Towards ParlaMint-DE: Improving the Interoperability of the GermaParl Corpus of Plenary Protocols of the German Bundestag
Proceedings of the ParlaCLARIN V Workshop on Interoperability, Multilinguality, and Multimodality in Parliamentary Corpora
Abstract
With the number of machine-readable corpora of plenary protocols continuously increasing, concerns about the potentials of harmonisation and shared encoding standards gain prominence. Interoperability of corpora can contribute to innovative research, in particular when comparative analyses are concerned. The ParlaMint encoding schema introduced by CLARIN provides comprehensive guidelines towards this goal.

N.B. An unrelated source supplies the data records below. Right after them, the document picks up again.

lemma (in sigma_finite_measure)
  fixes K :: "real \<Rightarrow> 'a \<Rightarrow> real" and D :: "real \<Rightarrow> real"
  assumes [measurable]: "(\<lambda>(s, \<omega>). K s \<omega>) \<in> borel_measurable (lborel \<Otimes>\<^sub>M M)"
    and D: "integrable lborel D"
    and K: "\<And>s. integrable M (K s)" "\<And>s. (\<integral>\<omega>. \<bar>K s \<omega>\<bar> \<partial>M) \<le> C"
  shows integrable_integral_lborel_mult: "integrable M (\<lambda>\<omega>. \<integral>s. K s \<omega> * D s \<partial>lborel)"
    and integral_integral_lborel_mult:
      "(\<integral>\<omega>. (\<integral>s. K s \<omega> * D s \<partial>lborel) \<partial>M) = (\<integral>s. (\<integral>\<omega>. K s \<omega> \<partial>M) * D s \<partial>lborel)"
proof -
  interpret pair_sigma_finite lborel M ..
  have [measurable]: "D \<in> borel_measurable borel"
    using D by simp
  have "integrable (lborel \<Otimes>\<^sub>M M) (\<lambda>(s, \<omega>). K s \<omega> * D s)"
  proof (rule Fubini_integrable)
    have "(\<integral>\<omega>. norm (K s \<omega> * D s) \<partial>M) = \<bar>D s\<bar> * (\<integral>\<omega>. \<bar>K s \<omega>\<bar> \<partial>M)" for s
      by (simp add: abs_mult mult.commute)
    moreover have "integrable lborel (\<lambda>s. \<bar>D s\<bar> * (\<integral>\<omega>. \<bar>K s \<omega>\<bar> \<partial>M))"
    proof (rule Bochner_Integration.integrable_bound)
      show "integrable lborel (\<lambda>s. C * \<bar>D s\<bar>)"
        using D by simp
      have "\<bar>D s\<bar> * (\<integral>\<omega>. \<bar>K s \<omega>\<bar> \<partial>M) \<le> \<bar>D s\<bar> * \<bar>C\<bar>" for s
        using K(2)[of s] abs_ge_self[of C] by (intro mult_left_mono) simp_all
      then show "AE s in lborel. norm (\<bar>D s\<bar> * (\<integral>\<omega>. \<bar>K s \<omega>\<bar> \<partial>M)) \<le> norm (C * \<bar>D s\<bar>)"
        by (intro AE_I2) (simp add: abs_mult integral_nonneg_AE mult.commute)
    qed measurable
    ultimately show "integrable lborel (\<lambda>s. \<integral>\<omega>. norm (case (s, \<omega>) of (s, \<omega>) \<Rightarrow> K s \<omega> * D s) \<partial>M)"
      by simp
    show "AE s in lborel. integrable M (\<lambda>\<omega>. case (s, \<omega>) of (s, \<omega>) \<Rightarrow> K s \<omega> * D s)"
      using K(1) by simp
  qed measurable
  then show "integrable M (\<lambda>\<omega>. \<integral>s. K s \<omega> * D s \<partial>lborel)"
    and "(\<integral>\<omega>. (\<integral>s. K s \<omega> * D s \<partial>lborel) \<partial>M) = (\<integral>s. (\<integral>\<omega>. K s \<omega> \<partial>M) * D s \<partial>lborel)"
    using integrable_snd[of "\<lambda>s \<omega>. K s \<omega> * D s"] integral_snd[of "\<lambda>s \<omega>. K s \<omega> * D s"]
      integral_fst[of "\<lambda>s \<omega>. K s \<omega> * D s"]
    by simp_all
qed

This contribution shows how GermaParl, a large corpus of plenary protocols of the German Bundestag, is transformed from a TEI-inspired XML format to the ParlaMint encoding schema. Based on previous work, this paper presents an adjusted preparation pipeline and discusses challenges of advancing an established resource into a new data format. The prospective ParlaMint-DE corpus will make the plenary debates in Germany from 1949 to 2025 available in a highly interoperable data format. Clear documentation and taxonomies increase the usefulness of the resource in comparative analyses, whereas additional metadata and linguistic annotation broaden its general applicability.